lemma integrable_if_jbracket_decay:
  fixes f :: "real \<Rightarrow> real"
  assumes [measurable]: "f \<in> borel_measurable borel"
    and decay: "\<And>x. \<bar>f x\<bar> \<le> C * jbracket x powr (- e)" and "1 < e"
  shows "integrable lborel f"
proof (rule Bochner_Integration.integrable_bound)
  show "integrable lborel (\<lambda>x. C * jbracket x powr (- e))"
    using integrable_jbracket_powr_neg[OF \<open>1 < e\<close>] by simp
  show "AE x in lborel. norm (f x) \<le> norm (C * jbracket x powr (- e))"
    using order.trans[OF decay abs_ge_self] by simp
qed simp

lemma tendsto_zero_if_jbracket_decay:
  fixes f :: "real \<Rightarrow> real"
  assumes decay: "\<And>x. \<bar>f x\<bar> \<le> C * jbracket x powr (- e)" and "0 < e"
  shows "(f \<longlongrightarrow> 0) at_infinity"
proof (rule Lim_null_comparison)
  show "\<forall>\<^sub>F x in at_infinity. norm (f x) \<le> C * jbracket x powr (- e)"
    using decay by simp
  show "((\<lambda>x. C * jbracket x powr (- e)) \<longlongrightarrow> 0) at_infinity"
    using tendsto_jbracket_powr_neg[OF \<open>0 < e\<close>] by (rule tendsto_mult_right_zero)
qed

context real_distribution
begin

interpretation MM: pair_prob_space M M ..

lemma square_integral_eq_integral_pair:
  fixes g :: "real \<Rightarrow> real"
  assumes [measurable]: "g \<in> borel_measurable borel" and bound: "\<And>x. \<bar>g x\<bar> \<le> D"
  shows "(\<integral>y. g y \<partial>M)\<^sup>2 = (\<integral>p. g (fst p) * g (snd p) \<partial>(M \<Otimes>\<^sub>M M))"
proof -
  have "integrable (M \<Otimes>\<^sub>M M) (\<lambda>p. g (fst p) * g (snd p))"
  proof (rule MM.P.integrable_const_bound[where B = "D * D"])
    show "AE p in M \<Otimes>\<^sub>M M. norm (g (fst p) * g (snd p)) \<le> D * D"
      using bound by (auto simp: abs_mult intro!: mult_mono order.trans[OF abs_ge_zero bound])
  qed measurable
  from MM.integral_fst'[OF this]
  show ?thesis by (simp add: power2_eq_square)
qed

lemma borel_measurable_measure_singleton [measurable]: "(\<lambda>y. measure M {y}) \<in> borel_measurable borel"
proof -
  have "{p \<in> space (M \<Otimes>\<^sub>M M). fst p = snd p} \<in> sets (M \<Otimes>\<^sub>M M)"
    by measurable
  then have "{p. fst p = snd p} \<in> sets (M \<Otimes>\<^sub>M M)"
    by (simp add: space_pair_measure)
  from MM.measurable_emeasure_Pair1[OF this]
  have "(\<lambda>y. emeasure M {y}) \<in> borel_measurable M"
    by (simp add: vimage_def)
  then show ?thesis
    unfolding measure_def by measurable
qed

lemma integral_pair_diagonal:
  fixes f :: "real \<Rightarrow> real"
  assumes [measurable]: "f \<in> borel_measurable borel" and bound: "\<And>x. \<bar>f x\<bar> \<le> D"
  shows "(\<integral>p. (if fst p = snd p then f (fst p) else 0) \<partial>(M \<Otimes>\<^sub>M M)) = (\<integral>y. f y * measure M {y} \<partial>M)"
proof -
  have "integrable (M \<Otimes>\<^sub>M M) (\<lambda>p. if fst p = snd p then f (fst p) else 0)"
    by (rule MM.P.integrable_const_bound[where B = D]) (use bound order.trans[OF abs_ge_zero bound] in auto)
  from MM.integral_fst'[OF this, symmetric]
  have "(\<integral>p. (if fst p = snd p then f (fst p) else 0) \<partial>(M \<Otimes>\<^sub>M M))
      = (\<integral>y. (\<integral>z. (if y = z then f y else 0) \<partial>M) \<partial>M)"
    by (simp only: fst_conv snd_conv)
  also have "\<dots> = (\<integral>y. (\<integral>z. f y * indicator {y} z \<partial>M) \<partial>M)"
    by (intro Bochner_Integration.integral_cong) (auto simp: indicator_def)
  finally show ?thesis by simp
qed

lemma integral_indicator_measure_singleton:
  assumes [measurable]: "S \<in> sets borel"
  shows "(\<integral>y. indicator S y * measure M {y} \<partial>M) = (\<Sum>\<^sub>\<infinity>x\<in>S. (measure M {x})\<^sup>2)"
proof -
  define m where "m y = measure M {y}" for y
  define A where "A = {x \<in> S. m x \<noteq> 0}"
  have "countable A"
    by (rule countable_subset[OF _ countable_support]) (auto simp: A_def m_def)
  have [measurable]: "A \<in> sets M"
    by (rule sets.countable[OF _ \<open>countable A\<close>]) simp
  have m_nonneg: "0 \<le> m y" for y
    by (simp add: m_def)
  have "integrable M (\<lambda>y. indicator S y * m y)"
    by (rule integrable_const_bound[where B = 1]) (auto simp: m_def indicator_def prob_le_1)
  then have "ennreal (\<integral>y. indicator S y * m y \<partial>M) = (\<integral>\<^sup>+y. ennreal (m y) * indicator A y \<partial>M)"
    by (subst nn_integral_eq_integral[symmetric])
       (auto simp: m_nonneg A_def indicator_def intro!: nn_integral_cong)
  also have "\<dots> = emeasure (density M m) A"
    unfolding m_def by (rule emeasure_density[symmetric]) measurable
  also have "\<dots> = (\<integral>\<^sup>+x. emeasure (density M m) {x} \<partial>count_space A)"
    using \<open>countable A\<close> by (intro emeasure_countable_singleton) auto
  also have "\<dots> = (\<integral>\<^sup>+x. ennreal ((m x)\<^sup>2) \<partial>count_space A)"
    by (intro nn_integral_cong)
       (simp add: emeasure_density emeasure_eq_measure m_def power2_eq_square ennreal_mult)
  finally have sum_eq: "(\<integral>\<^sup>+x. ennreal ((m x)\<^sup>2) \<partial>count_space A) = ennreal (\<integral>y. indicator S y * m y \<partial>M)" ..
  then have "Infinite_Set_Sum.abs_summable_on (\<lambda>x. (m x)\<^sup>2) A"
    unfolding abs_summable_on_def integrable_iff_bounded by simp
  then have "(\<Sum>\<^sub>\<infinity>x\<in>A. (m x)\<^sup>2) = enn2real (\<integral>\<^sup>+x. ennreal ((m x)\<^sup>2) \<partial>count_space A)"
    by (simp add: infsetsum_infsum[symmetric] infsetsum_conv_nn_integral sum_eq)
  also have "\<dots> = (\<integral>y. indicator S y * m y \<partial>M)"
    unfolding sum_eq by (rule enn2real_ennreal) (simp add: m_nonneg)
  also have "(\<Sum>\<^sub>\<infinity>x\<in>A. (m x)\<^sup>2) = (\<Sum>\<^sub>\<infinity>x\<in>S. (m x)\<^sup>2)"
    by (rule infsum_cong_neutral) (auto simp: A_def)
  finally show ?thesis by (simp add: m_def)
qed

****************************************

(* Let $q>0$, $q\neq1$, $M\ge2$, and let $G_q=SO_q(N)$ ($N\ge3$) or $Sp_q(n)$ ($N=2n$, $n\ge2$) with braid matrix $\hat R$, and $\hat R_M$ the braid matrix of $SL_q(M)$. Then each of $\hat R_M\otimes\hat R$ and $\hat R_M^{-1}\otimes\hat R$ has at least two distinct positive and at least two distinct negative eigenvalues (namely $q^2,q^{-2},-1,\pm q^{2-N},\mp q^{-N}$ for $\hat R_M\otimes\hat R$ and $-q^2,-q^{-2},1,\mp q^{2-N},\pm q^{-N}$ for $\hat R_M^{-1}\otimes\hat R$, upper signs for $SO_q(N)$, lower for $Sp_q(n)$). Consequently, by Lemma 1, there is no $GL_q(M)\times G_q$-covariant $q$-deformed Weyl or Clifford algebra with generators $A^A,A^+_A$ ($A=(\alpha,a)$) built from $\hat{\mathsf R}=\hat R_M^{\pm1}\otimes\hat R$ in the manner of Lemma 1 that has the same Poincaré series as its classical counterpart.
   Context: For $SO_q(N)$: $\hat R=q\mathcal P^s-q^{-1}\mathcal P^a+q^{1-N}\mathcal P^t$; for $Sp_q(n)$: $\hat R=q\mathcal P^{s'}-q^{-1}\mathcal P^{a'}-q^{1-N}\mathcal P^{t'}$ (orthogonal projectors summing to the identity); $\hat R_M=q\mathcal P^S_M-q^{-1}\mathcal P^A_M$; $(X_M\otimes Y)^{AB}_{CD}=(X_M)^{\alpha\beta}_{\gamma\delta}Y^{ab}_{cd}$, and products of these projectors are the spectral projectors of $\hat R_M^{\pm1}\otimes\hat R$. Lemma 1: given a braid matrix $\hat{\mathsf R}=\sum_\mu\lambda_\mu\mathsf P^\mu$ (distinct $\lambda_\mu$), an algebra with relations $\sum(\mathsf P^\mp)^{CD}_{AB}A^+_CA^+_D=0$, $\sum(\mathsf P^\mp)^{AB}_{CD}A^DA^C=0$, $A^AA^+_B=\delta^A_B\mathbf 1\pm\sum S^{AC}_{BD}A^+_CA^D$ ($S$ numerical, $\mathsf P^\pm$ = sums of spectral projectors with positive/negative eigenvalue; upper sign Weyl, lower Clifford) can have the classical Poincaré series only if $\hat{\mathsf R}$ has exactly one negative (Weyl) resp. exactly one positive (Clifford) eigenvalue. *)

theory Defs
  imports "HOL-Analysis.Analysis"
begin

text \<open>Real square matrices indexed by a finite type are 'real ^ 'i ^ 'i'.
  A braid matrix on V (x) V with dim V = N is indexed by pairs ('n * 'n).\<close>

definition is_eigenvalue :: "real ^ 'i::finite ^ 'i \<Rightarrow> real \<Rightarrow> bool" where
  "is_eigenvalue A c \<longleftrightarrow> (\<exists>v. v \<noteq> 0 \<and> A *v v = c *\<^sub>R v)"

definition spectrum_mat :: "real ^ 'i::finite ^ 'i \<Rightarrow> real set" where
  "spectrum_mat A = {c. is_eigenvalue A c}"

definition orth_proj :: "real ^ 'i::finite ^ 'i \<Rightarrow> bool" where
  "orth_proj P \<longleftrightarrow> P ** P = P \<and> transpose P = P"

****************************************

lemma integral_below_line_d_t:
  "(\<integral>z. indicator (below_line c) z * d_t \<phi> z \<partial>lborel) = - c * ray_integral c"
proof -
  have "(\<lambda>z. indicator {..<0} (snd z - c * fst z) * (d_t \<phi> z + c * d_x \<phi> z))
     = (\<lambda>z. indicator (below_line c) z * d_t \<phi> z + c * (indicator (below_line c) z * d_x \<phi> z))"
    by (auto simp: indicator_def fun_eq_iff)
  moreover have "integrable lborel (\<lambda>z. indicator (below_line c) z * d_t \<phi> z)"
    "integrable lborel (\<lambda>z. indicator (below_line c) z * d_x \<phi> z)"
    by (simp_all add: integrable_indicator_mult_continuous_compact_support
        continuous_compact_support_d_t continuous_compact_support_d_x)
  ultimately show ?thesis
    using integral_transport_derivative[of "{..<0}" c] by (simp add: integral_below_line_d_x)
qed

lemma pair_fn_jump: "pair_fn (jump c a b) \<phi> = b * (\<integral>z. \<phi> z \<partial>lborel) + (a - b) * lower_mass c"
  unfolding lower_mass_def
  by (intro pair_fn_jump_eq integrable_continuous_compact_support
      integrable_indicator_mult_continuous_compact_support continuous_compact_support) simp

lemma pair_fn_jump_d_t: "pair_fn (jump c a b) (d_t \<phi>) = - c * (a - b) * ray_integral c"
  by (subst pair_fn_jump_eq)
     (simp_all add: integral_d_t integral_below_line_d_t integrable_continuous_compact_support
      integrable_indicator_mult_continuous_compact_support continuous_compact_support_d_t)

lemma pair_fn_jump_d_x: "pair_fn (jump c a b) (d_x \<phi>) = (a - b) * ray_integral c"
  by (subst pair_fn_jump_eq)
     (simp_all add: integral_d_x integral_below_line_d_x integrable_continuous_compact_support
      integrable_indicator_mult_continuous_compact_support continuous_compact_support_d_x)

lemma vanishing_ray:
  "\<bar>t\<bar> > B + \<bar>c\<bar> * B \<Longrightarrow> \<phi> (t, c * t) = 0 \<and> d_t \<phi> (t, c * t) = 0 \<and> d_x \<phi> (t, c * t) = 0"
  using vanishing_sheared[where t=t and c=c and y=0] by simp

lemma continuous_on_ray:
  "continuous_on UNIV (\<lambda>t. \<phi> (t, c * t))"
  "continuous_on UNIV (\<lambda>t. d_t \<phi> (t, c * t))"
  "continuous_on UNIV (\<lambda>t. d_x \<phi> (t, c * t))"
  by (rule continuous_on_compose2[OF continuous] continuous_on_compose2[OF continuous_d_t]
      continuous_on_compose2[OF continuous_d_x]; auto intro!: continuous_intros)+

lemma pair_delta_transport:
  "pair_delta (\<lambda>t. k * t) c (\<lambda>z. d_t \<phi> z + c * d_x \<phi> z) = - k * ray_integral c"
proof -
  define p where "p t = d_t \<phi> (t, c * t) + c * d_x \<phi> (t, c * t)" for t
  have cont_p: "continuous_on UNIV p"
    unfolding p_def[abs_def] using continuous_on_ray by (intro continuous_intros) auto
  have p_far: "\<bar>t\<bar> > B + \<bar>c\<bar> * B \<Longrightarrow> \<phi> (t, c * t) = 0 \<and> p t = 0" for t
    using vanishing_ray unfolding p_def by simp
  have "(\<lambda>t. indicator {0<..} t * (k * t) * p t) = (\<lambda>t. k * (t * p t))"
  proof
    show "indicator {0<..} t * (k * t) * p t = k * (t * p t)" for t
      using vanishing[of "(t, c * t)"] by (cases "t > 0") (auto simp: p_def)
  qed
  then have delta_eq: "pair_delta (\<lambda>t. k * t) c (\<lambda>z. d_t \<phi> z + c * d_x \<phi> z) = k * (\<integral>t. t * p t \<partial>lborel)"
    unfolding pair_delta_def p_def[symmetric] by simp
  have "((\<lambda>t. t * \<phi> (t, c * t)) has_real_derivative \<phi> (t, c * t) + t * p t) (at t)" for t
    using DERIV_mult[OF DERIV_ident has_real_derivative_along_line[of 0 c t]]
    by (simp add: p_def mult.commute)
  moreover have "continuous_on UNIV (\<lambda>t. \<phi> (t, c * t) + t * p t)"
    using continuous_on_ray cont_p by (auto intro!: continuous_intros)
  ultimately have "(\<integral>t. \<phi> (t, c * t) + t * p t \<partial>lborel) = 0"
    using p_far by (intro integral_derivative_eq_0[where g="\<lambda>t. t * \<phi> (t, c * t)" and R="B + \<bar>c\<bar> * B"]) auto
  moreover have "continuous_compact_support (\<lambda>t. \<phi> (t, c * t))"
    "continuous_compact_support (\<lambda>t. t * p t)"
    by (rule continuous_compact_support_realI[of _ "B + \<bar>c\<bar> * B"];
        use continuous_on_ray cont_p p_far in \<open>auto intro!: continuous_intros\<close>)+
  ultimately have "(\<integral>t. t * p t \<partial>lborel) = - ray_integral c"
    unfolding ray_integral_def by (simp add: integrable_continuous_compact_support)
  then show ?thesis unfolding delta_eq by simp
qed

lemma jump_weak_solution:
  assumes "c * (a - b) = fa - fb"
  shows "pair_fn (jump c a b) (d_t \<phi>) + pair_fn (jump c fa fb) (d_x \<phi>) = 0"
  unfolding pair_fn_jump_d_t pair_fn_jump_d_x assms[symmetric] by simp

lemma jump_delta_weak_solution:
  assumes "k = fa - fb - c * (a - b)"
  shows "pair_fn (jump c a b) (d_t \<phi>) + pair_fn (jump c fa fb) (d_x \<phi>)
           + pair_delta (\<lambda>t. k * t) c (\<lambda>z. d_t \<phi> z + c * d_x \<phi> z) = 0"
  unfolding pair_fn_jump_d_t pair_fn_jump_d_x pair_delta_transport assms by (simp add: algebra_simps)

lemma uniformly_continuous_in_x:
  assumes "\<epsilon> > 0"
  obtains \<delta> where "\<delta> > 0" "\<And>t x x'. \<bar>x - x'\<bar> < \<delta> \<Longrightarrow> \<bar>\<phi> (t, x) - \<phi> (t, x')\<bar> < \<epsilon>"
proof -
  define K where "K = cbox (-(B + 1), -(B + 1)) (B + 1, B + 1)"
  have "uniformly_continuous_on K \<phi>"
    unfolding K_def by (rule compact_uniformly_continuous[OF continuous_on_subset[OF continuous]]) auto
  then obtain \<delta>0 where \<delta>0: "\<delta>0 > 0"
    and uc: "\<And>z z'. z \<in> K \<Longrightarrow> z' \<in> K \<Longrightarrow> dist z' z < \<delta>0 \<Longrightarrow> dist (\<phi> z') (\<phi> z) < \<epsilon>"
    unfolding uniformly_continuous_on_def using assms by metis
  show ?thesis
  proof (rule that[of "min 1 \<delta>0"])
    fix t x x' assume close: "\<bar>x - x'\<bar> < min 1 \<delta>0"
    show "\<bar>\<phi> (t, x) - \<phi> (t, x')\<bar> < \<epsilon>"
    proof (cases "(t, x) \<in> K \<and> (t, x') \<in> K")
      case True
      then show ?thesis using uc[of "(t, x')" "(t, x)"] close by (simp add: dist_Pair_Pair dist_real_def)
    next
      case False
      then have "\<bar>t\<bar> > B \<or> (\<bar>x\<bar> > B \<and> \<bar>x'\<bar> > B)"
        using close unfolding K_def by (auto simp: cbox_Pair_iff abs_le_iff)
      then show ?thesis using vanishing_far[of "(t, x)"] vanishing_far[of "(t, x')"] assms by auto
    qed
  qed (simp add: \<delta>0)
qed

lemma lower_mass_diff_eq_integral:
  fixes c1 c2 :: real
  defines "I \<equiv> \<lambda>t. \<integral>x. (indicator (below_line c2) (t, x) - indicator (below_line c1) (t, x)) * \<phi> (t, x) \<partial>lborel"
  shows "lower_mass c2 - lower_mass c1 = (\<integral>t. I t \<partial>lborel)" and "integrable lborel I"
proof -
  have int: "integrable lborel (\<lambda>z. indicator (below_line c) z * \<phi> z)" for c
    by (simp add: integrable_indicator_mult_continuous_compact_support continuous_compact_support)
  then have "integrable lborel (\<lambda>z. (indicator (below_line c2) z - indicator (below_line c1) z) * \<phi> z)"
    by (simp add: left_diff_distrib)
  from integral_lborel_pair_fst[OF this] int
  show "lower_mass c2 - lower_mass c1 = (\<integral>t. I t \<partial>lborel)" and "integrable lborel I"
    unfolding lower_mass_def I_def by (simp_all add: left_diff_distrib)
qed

****************************************

| WORK TO COMPLETE |
Everything from the line containing "fixes c1 c2 :: real" through the line containing "unfolding lower_mass_def I_def" in the material above should be retyped exactly, both ends included, and nothing more.

| EXERCISE SOLUTION |
  fixes c1 c2 :: real
  defines "I \<equiv> \<lambda>t. \<integral>x. (indicator (below_line c2) (t, x) - indicator (below_line c1) (t, x)) * \<phi> (t, x) \<partial>lborel"
  shows "lower_mass c2 - lower_mass c1 = (\<integral>t. I t \<partial>lborel)" and "integrable lborel I"
proof -
  have int: "integrable lborel (\<lambda>z. indicator (below_line c) z * \<phi> z)" for c
    by (simp add: integrable_indicator_mult_continuous_compact_support continuous_compact_support)
  then have "integrable lborel (\<lambda>z. (indicator (below_line c2) z - indicator (below_line c1) z) * \<phi> z)"
    by (simp add: left_diff_distrib)
  from integral_lborel_pair_fst[OF this] int
  show "lower_mass c2 - lower_mass c1 = (\<integral>t. I t \<partial>lborel)" and "integrable lborel I"
    unfolding lower_mass_def I_def by (simp_all add: left_diff_distrib)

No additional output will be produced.